RTC, one of the largest retail, distribution and services in Romania, headed by businessman Octavian Radu, said it would put on hold all the projects that are expected to return null profit, thus focusing on improving efficiency.
RTC is likely to fall into red
2009 may be a challenging year for RTC, as the company saw its sales of stationery products and of Diverta store falling severely. However, the retail, distribution and fashion divisions of RTC had a constant growth pace, fueled also by the sales period.
“Whoever sees growth, except for chocolate producers, is either lying or unconscious. The sales in stationery segment fell 40%, and at Diverta they slumped 20% in the bleakest week of the year. If we were looking at the figures once in six months before, now I keep tabs on them on a weekly basis, not because of panic, but only to grasp the situation and to make some prompt decisions. For the moment, we’ve seen a constant decline in August-December interval and a fluctuation of sales since December”, said Octavian Radu.

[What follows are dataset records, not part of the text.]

lemma not_isomorphic_rho_sigma:
  assumes "uncountable (UNIV :: 'a set)"
  shows "\<not> isomorphic \<rho> \<sigma>"
proof
  assume "isomorphic \<rho> \<sigma>"
  then obtain F where F: "bij F" and iso: "\<And>x x'. \<rho> x x' \<longleftrightarrow> \<sigma> (F x) (F x')"
    unfolding isomorphic_def by blast
  have uncountable_AB: "uncountable A" "uncountable B"
    using cardA cardB assms card_of_ordIso countable_image bij_betw_imp_surj_on by metis+
  have in_AB: "inv F u \<in> A \<union> B" if "X \<subseteq> {v. \<sigma> u v}" "uncountable X" for u X
  proof (rule ccontr)
    assume "inv F u \<notin> A \<union> B"
    then obtain \<alpha> where \<alpha>: "inv F u \<in> C \<alpha>" using cover by blast
    have "{v. \<sigma> u v} = F ` {y. \<rho> (inv F u) y}"
      using class_image_iso[of F \<rho> \<sigma>, OF F iso] F by (metis bij_inv_eq_iff)
    also have "{y. \<rho> (inv F u) y} \<subseteq> C \<alpha>" using \<alpha> C_unique AC BC unfolding rho by blast
    finally have "countable {v. \<sigma> u v}" using cardC countable_subset by (meson countable_image image_mono)
    then show False using that countable_subset by blast
  qed
  obtain a b where a: "a \<in> A" and b: "b \<in> B"
    using infinite_A infinite_B by (metis ex_in_conv finite.emptyI)
  have "A \<subseteq> {v. \<sigma> a v}" "B \<subseteq> {v. \<sigma> b v}" using a b unfolding sigma by blast+
  then have "\<rho> (inv F a) (inv F b)" using in_AB uncountable_AB unfolding rho by blast
  then have "\<sigma> a b" using iso F by (metis bij_inv_eq_iff)
  then show False using a b AB AC unfolding sigma by blast
qed

lemma card_of_A_Un_B: "|A \<union> B| =o |A|"
proof -
  have "|A \<union> B| \<le>o |A|"
    using ordLeq_ordIso_trans[OF card_of_mono1 ordIso_symmetric[OF cardA]] by blast
  moreover have "|A| \<le>o |A \<union> B|" by (rule card_of_mono1) simp
  ultimately show ?thesis using ordIso_iff_ordLeq by blast
qed

lemma card_of_UN_C:
  assumes J: "|J| =o |UNIV :: 'a set|"
  shows "|\<Union>\<alpha>\<in>J. C \<alpha>| =o |UNIV :: 'a set|"
proof -
  define pick where "pick \<alpha> = (SOME x. x \<in> C \<alpha>)" for \<alpha>
  have pick: "pick \<alpha> \<in> C \<alpha>" for \<alpha>
    unfolding pick_def using C_nonempty by (simp add: some_in_eq)
  then have "inj_on pick J" using C_unique by (metis inj_onI)
  moreover have "pick ` J \<subseteq> (\<Union>\<alpha>\<in>J. C \<alpha>)" using pick by blast
  ultimately have "|J| \<le>o |\<Union>\<alpha>\<in>J. C \<alpha>|" using card_of_ordLeq by blast
  then have "|UNIV :: 'a set| \<le>o |\<Union>\<alpha>\<in>J. C \<alpha>|"
    using ordIso_ordLeq_trans[OF ordIso_symmetric[OF J]] by blast
  moreover have "|\<Union>\<alpha>\<in>J. C \<alpha>| \<le>o |UNIV :: 'a set|" by (rule card_of_mono1) simp
  ultimately show ?thesis using ordIso_iff_ordLeq by blast
qed

lemma reindex_classes:
  assumes p: "bij_betw p K UNIV"
  obtains e where "bij_betw e (\<Union>\<alpha>\<in>K. C \<alpha>) (\<Union>\<gamma>. C \<gamma>)"
    and "\<And>\<alpha>. \<alpha> \<in> K \<Longrightarrow> e ` C \<alpha> \<subseteq> C (p \<alpha>)"
proof -
  define idx where "idx x = (THE \<alpha>. x \<in> C \<alpha>)" for x
  have idx: "idx x = \<alpha>" if "x \<in> C \<alpha>" for x \<alpha>
    unfolding idx_def using that C_unique by blast
  define e where "e x = from_nat_into (C (p (idx x))) (to_nat_on (C (idx x)) x)" for x
  have e: "bij_betw e (C \<alpha>) (C (p \<alpha>))" for \<alpha>
  proof -
    have "bij_betw (from_nat_into (C (p \<alpha>)) \<circ> to_nat_on (C \<alpha>)) (C \<alpha>) (C (p \<alpha>))"
      by (rule bij_betw_trans[OF to_nat_on_infinite bij_betw_from_nat_into]) (use cardC in auto)
    moreover have "e x = (from_nat_into (C (p \<alpha>)) \<circ> to_nat_on (C \<alpha>)) x" if "x \<in> C \<alpha>" for x
      using that by (simp add: e_def idx)
    ultimately show ?thesis using bij_betw_cong by blast
  qed
  have "disjoint_family_on (\<lambda>\<alpha>. C (p \<alpha>)) K"
    using p CC unfolding disjoint_family_on_def bij_betw_def inj_on_def by blast
  then have "bij_betw e (\<Union>\<alpha>\<in>K. C \<alpha>) (\<Union>\<alpha>\<in>K. C (p \<alpha>))"
    using bij_betw_UNION_disjoint e by blast
  moreover have "(\<Union>\<alpha>\<in>K. C (p \<alpha>)) = (\<Union>\<gamma>. C \<gamma>)"
    using p unfolding bij_betw_def by (metis image_image)
  moreover have "e ` C \<alpha> \<subseteq> C (p \<alpha>)" for \<alpha> using e bij_betw_imp_surj_on by blast
  ultimately show thesis using that by simp
qed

He added that he didn’t intend to open new stores, as there was no demand in the market.
“There is no investment to wish and to be turned down by the bank, but there are no more investments I am eager to develop like I used to last year. As long as I have stores that return losses rather than profit, and I try to figure out how to shut them down, it would be meaningless to open new stores, in the current poor economic conditions”, said Radu, stressing the importance of investments in improving the efficiency, especially in times of crisis.
On the other hand, RTC had a 1% workforce fluctuation in December (nearly 50 persons), and in January, about 100 – 200 employees were laid off. For the moment, the group will put on hold all the projects for which the earning drivers look negative.